What to do: Work out how many lines in the material below hold the word "close". Write only the number.

Available data:
-----

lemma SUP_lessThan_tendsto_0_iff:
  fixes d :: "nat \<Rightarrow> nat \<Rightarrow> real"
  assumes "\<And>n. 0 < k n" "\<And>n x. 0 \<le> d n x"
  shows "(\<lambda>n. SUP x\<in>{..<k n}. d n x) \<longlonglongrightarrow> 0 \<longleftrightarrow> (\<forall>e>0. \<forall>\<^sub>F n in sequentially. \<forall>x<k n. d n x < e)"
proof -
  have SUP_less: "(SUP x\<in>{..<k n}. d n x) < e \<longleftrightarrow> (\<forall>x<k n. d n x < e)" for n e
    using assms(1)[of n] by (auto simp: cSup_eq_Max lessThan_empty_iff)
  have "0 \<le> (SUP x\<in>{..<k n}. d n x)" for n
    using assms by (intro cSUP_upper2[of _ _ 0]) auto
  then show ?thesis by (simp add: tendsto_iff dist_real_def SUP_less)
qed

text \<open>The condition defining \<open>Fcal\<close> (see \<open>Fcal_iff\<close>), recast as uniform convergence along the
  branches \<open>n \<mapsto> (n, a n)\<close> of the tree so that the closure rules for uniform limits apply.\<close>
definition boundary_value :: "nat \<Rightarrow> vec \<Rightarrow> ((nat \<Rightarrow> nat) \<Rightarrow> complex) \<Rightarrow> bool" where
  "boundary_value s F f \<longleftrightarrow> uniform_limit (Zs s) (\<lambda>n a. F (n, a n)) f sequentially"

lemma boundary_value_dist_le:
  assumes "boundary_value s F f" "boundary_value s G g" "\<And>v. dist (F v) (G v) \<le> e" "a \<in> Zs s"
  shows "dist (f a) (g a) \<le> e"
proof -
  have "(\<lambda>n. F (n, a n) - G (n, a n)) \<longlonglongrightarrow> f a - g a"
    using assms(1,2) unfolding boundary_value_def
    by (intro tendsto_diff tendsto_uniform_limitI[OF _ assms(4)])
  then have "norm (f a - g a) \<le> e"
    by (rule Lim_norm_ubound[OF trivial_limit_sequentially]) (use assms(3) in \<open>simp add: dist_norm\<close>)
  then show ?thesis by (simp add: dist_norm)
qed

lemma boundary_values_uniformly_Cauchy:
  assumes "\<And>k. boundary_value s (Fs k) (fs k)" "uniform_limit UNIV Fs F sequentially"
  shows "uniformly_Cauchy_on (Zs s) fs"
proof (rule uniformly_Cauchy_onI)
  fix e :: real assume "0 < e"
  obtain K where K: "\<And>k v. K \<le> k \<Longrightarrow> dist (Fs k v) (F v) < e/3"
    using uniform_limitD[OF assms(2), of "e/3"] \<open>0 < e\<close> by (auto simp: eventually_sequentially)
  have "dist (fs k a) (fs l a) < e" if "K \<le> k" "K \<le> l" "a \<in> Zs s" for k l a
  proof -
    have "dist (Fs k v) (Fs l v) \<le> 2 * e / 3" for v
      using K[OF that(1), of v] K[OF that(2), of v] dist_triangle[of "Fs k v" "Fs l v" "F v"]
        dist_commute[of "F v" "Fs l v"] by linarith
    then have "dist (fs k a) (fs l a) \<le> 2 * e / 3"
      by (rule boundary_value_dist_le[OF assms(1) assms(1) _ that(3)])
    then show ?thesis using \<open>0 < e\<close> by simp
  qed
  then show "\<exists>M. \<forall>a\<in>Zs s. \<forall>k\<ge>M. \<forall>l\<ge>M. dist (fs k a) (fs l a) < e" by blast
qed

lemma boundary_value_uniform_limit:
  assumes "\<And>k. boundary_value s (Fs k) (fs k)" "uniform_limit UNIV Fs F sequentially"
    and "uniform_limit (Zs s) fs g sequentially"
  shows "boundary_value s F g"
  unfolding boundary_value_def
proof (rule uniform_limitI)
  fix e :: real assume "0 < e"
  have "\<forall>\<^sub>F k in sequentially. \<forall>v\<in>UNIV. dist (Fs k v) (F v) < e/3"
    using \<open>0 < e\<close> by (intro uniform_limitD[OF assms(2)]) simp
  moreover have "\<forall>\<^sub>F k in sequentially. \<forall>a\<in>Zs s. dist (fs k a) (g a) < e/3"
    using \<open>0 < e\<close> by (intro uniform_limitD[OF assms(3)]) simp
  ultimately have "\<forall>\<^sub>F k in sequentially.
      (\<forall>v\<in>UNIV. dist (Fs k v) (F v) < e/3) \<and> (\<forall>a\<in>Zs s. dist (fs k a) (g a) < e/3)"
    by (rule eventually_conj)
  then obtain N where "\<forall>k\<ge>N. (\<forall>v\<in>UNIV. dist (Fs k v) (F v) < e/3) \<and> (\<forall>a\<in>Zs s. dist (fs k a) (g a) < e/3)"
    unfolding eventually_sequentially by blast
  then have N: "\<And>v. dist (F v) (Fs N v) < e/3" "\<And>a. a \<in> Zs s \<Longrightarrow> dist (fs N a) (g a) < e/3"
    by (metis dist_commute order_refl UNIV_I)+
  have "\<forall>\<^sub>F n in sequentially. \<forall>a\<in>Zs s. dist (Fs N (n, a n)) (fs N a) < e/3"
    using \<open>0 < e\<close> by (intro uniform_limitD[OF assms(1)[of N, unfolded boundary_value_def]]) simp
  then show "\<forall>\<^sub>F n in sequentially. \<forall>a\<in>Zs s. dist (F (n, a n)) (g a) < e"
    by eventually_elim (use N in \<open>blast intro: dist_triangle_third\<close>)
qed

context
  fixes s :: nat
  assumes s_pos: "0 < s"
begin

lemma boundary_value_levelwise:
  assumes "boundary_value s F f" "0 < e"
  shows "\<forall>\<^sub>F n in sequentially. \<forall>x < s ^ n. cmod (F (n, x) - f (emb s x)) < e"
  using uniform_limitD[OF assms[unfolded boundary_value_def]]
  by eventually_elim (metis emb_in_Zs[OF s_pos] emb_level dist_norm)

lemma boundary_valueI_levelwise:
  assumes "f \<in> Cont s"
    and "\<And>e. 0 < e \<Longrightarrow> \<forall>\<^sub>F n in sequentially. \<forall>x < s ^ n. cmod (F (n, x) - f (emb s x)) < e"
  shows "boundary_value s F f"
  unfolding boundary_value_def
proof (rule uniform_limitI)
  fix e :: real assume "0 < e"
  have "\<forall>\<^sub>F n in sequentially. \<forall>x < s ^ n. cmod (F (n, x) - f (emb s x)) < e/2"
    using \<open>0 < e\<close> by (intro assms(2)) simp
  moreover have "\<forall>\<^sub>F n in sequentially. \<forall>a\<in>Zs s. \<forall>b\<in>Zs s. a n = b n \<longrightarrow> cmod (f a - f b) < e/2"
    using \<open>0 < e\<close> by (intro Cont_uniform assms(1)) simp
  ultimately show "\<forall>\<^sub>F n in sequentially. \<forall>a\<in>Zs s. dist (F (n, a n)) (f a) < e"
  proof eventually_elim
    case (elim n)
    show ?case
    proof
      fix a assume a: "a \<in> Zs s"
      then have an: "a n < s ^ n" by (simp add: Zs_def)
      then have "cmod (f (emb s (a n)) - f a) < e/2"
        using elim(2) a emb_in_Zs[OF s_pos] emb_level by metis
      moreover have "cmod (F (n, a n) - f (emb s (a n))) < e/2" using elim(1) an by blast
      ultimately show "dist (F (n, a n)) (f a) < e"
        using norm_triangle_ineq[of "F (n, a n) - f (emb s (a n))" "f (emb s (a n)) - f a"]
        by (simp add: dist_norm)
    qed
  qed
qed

-----

Written answer: 11